1.Consider the following output:
0 1
0 2 4
0 3 6 9
0 4 8 12 16
Which of the following code segments will produce this output?
(A) for (int x = 1; x < 5; x++)
{
for (int z = 0; z <= x; z++)
{
System.out.print(x * z + “ ”);
}
System.out.println(“ ”);
}
(B) for (int x = 1; x <= 5; x++)
{
for (int z = 0; z < x; z++)
{
System.out.print(x * z + “ ”);
}
System.out.println(“ ”);
}
(C) for (int x = 1; x < 5; x++)
{
for (int z = 0; z <= 4; z++)
{
System.out.print(x * z + “ ”);
}
System.out.println(“ ”);
}
(D) for (int x = 1; x < 5; x++)
{
for (int z = 0; z <= 4; z += 2)
{
System.out.print(x * z + “ ”);
}
System.out.println(“ ”);
}
(E) for (int x = 1; x <= 5; x++)
{
for (int z = 0; z <= x; z++)
{
System.out.print(x * z + “ ”);
}
System.out.println(“ ”);
}
2. The speed limit of a stretch of highway is 55 miles per hour (mph). The highway patrol issues speeding tickets to anyone caught going faster than 55 miles per hour. The fine for speeding is based on the following scale:
Speed |
Fine |
greater than 55 mph but less than 65 mph |
$100 |
greater than or equal to 65 mph but less than 75 mph |
$150 |
greater than or equal to 75 mph |
$300 |
If the value of the int variable speed is the speed of a driver who was pulled over for going faster than 55 mph, which of the following code segments will assign the correct value to the int variable fine?
I. if (speed >= 75)
fine = 300;
if (speed >= 65 && speed < 75)
fine = 150;
if (speed > 55 && speed < 65)
fine = 100;
II. if (speed >= 75)
fine = 300;
if (65 <= speed < 75)
fine = 150;
if (55 < speed < 65)
fine = 100;
III. if (speed >= 75)
fine = 300;
if (speed >= 65)
fine = 150;
if (speed > 55)
fine = 100;
(A) I only
(B) II only
(C) III only
(D) I and II
(E) I and III
3.Consider the following code segment:
int x = 10;
int y = 3;
boolean b = true;
for (int i = 0, i < 15; i += 5)
{
x = x + y;
b = (x % y == 2);
if (!b)
{
y++;
i += 5;
}
}
What is the value of x after the code segment executes?
(A) 10
(B) 15
(C) 17
(D) 22
(E) 25
4.In the following statement, a and b are boolean variables:
boolean c = (a && b) || !(a || b);
Under what conditions will the value of c be true?

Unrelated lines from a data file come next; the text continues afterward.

text \<open>A non-standard monomial is divisible by the leading monomial of some \<open>(x\<^sup>m)\<^sup>(\<^sup>N\<^sup>)\<close>;
  trading it for the other monomials of \<open>(x\<^sup>m)\<^sup>(\<^sup>N\<^sup>)\<close> keeps the weight but raises the square
  weight, which is bounded by the squared weight.\<close>

lemma monom_standard_mod_ideal:
  assumes m: "0 < m"
  shows "\<mu> \<noteq> 0 \<Longrightarrow> Poly_Mapping.single \<mu> (1::'k::field_char_0) \<in> standard_mod_ideal m"
proof (induction "sq_weight_gap \<mu>" arbitrary: \<mu> rule: less_induct)
  case less
  show ?case
  proof (cases "standard_exp m \<mu>")
    case True
    then show ?thesis using less.prems by (intro standard_monom_in_standard_mod_ideal)
  next
    case False
    obtain N where le: "\<And>k. Poly_Mapping.lookup (lead_exp m N) k \<le> Poly_Mapping.lookup \<mu> k"
      using nonstandard_exp_lead_exp[OF m False] by blast
    define \<nu> where "\<nu> = \<mu> - lead_exp m N"
    have mu: "\<mu> = \<nu> + lead_exp m N" unfolding \<nu>_def by (rule poly_mapping_diff_add[OF le])
    define r :: "'k dpoly" where "r = gen_deriv m N"
    have c: "Poly_Mapping.lookup r (lead_exp m N) \<noteq> 0"
      using lead_exp_in_keys[OF m, of N] by (simp add: r_def in_keys_iff)
    have "Poly_Mapping.single \<nu> (1 / Poly_Mapping.lookup r (lead_exp m N)) * r \<in> standard_mod_ideal m"
      by (intro diff_ideal_gen_subset_standard_mod_ideal diff_ideal_gen_single_mult)
        (simp add: r_def gen_deriv_def diff_ideal_gen_dderiv_pow)
    moreover have "Poly_Mapping.single (\<nu> + \<gamma>) (1::'k) \<in> standard_mod_ideal m" if "\<gamma> \<in> Poly_Mapping.keys r - {lead_exp m N}" for \<gamma>
    proof -
      have \<gamma>: "\<gamma> \<in> Poly_Mapping.keys (gen_deriv m N :: 'k dpoly)" "\<gamma> \<noteq> lead_exp m N"
        using that by (simp_all add: r_def)
      show ?thesis using sq_weight_gap_exchange[OF m \<gamma>, of \<nu>] less.hyps unfolding mu by blast
    qed
    ultimately show ?thesis
      unfolding mu single_add_eq_mult_sum[OF c]
      by (intro standard_mod_ideal_add standard_mod_ideal_sum standard_mod_ideal_dscal) auto
  qed
qed
lemma AE_pred_nonneg:
  assumes "0 < a" "0 < b"
  shows "AE y in pred a b. 0 \<le> y"
  unfolding pred_eq_density[OF assms] by (subst AE_density) (auto simp: pred_pdf_def)

lemma AE_pred_neq:
  assumes "0 < a" "0 < b"
  shows "AE y in pred a b. y \<noteq> q"
  unfolding pred_eq_density[OF assms]
  by (subst AE_density) (auto intro: AE_mp[OF AE_lborel_singleton[of q]])

lemma measure_pred_greaterThan:
  assumes "0 < a" "0 < b" "0 \<le> q"
  shows "measure (pred a b) {q<..} = (b / (b + q)) powr a"
proof -
  interpret prob_space "pred a b" by (rule prob_space_pred[OF assms(1,2)])
  have "measure (pred a b) {q<..} = 1 - measure (pred a b) {..q}"
    using prob_compl[of "{..q}"] by (simp add: Compl_eq_Diff_UNIV[symmetric] Compl_atMost)
  then show ?thesis
    using fun_cong[OF cdf_pred[OF assms(1,2)], of q] assms by (simp add: cdf_def pred_cdf_eq)
qed

lemma measure_pred_atLeast:
  assumes "0 < a" "0 < b" "0 \<le> q"
  shows "measure (pred a b) {q..} = (b / (b + q)) powr a"
proof -
  have "measure (pred a b) {q..} = measure (pred a b) {q<..}"
    using AE_pred_neq[OF assms(1,2), of q] by (intro measure_eq_AE) (auto elim!: AE_mp)
  then show ?thesis using measure_pred_greaterThan[OF assms] by simp
qed

lemma Gpred_scale: "0 < b \<Longrightarrow> Gpred a b q = Gpred a 1 (q / b)"
  by (simp add: Gpred_def add_divide_distrib[symmetric] field_simps)

lemma Gpred_standard: "-1 < z \<Longrightarrow> Gpred (a - 1) 1 z = 1 - (1 + z) powr (1 - a)"
  by (simp add: Gpred_def powr_divide powr_minus_divide[symmetric] add.commute)

lemma survival_shift:
  assumes "0 < b" "0 \<le> q"
  shows "(b + q) * (1 - Gpred a b q) = b * (1 - Gpred (a - 1) b q)"
proof -
  have "(b / (b + q)) powr a = b / (b + q) * (b / (b + q)) powr (a - 1)"
    using powr_mult_base[of "b / (b + q)" "a - 1"] assms by simp
  then show ?thesis using assms by (simp add: Gpred_def)
qed

lemma antiderivative_truncated_mean:
  fixes a b y :: real
  assumes "0 < b" "- b < y" "a \<noteq> 1"
  shows "((\<lambda>y. - (y * (b powr a * (b + y) powr (- a))) - b powr a / (a - 1) * (b + y) powr (1 - a))
          has_real_derivative a * b powr a * (b + y) powr (- a - 1) * y) (at y)"
proof -
  have "0 < b + y" using assms by simp
  then have "((\<lambda>y. - (y * (b powr a * (b + y) powr (- a))) - b powr a / (a - 1) * (b + y) powr (1 - a))
      has_real_derivative - (y * (b powr a * (- a * (b + y) powr (- a - 1))) + b powr a * (b + y) powr (- a))
        - b powr a / (a - 1) * ((1 - a) * (b + y) powr (1 - a - 1))) (at y)"
    using assms(3) by (auto intro!: derivative_eq_intros)
  moreover have "- (y * (b powr a * (- a * (b + y) powr (- a - 1))) + b powr a * (b + y) powr (- a))
      - b powr a / (a - 1) * ((1 - a) * (b + y) powr (1 - a - 1)) = a * b powr a * (b + y) powr (- a - 1) * y"
    using assms(3) by (simp add: divide_simps) (simp add: algebra_simps)
  ultimately show ?thesis by (rule DERIV_cong)
qed

lemma Epred_min:
  assumes "1 < a" "0 < b" "0 \<le> q"
  shows integrable_pred_min: "integrable (pred a b) (\<lambda>y. min y q)"
    and Epred_min_eq: "Epred a b (\<lambda>y. min y q) = b / (a - 1) * Gpred (a - 1) b q"
proof -
  have a0: "0 < a" using assms by simp
  interpret prob_space "pred a b" by (rule prob_space_pred[OF a0 assms(2)])
  have int_lower: "integrable (pred a b) (\<lambda>y. y * indicator {..q} y)"
    using AE_pred_nonneg[OF a0 assms(2)] assms
    by (intro integrable_const_bound[where B=q]) (auto elim!: AE_mp split: split_indicator)
  have int_upper: "integrable (pred a b) (\<lambda>y. q * indicator {q<..} y)"
    using assms by (intro integrable_const_bound[where B=q]) (auto split: split_indicator)
  have split_min: "(\<lambda>y. min y q) = (\<lambda>y. y * indicator {..q} y + q * indicator {q<..} y)"
    by (auto simp: fun_eq_iff split: split_indicator)
  show "integrable (pred a b) (\<lambda>y. min y q)"
    unfolding split_min using int_lower int_upper by simp
  have "(\<integral>y. y * indicator {..q} y \<partial>pred a b)
      = (\<integral>y. (a * b powr a * (b + y) powr (- a - 1) * y) * indicator {0..q} y \<partial>lborel)"
    unfolding pred_eq_density[OF a0 assms(2)] using a0 assms(2)
    by (subst integral_density) (auto simp: pred_pdf_def intro!: Bochner_Integration.integral_cong split: split_indicator)
  also have "\<dots> = (- (q * (b powr a * (b + q) powr (- a))) - b powr a / (a - 1) * (b + q) powr (1 - a))
       - (- (0 * (b powr a * (b + 0) powr (- a))) - b powr a / (a - 1) * (b + 0) powr (1 - a))"
    using assms
    by (intro integral_FTC_Icc_real antiderivative_truncated_mean) (auto intro!: continuous_intros)
  also have "\<dots> = b / (a - 1) * Gpred (a - 1) b q - q * (b / (b + q)) powr a"
  proof -
    have "b powr a = b * b powr (a - 1)"
      using assms by (simp add: powr_mult_base)
    then have "b powr a / (a - 1) * (b + q) powr (1 - a) = b / (a - 1) * (b / (b + q)) powr (a - 1)"
      "b powr a / (a - 1) * (b + 0) powr (1 - a) = b / (a - 1)"
      using powr_ratio_eq[of b q "a - 1"] powr_ratio_eq[of b 0 "a - 1"] assms by simp_all
    then show ?thesis
      using powr_ratio_eq[of b q a] assms by (simp add: Gpred_def algebra_simps)
  qed
  finally show "Epred a b (\<lambda>y. min y q) = b / (a - 1) * Gpred (a - 1) b q"
    unfolding Epred_def split_min using int_lower int_upper measure_pred_greaterThan[OF a0 assms(2,3)]
    by simp
qed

(A) Only when the value of a is different than the value of b
(B) Only when the value of a is the same as the value of b
(C) Only when a and b are both true
(D) Only when a and b are both false
(E) The value of c will be true for all values of a and b.
5.Consider the following code segment:
while ((x > y) || y >= z)
{
System.out.print(“*”);
}
In the code segment above, x, y, and z are variables of type int. Which of the following must be true after the code segment has executed?
(A) x > y || y >= z
(B) x <= y || y > z
(C) x > y && y >= z
(D) x < y && y <= z
(E) x <= y && y < z
6.Consider the following code segment:
int a = 0;
for (int i = 0; i < 10; i++)
{
for (int k = 0; k <= 5; k++)
{
for (int z = 1; z <= 16; z = z * 2)
{
a++;
}
}
}
What is the value of a after the code segment executes?
(A) 31
(B) 180
(C) 200
(D) 300
(E) 400
7.Consider the following code segment:
int x = 10;
int y = x / 3;
int z = x % 2;
x++;
System.out.println(x)
What is printed as a result of executing the code segment above?
(A) 2
(B) 4
(C) 10
(D) 11
(E) 15
8.Consider the following code segment:
int a = 10;
double b = 3.7;
int c = 4;
int x = (int) (a + b);
double y = (double) a / c;
double z = (double) (a / c);
double w = x + y + z;
System.out.println(w);
What is printed as a result of evaluating the code above?
(A) 10
(B) 15
(C) 15.5
(D) 17
(E) 17.5
9.Consider the following code segments:
I. int x = 10;
int y = 20;
int z = 0;
if (x < y && 10 < y/z)
{
System.out.println(“Homer”);
}
else
{
System.out.println(“Bart”);
}
II. int x = 10;
int y = 20;
int z = 0;
if (x > y && 10 < y/z)
System.out.println(“Homer”);
else
System.out.println(“Bart”);
III. int x = 10;
int y = 20;
int z = 0;
if (x < y || 10 < y/z)
System.out.println(“Homer”);
else
System.out.println(“Bart”);
Which of the code segments above will run without error?
(A) I only
(B) II only
(C) III only
(D) II and III
(E) I, II, and III
Summary
o While statements can be used to cause a command or series of commands to execute while a certain boolean statement is true.
o For statements are similar to while statements but include the initialization of a variable before the looping and a modification of the variable after each execution of the loop.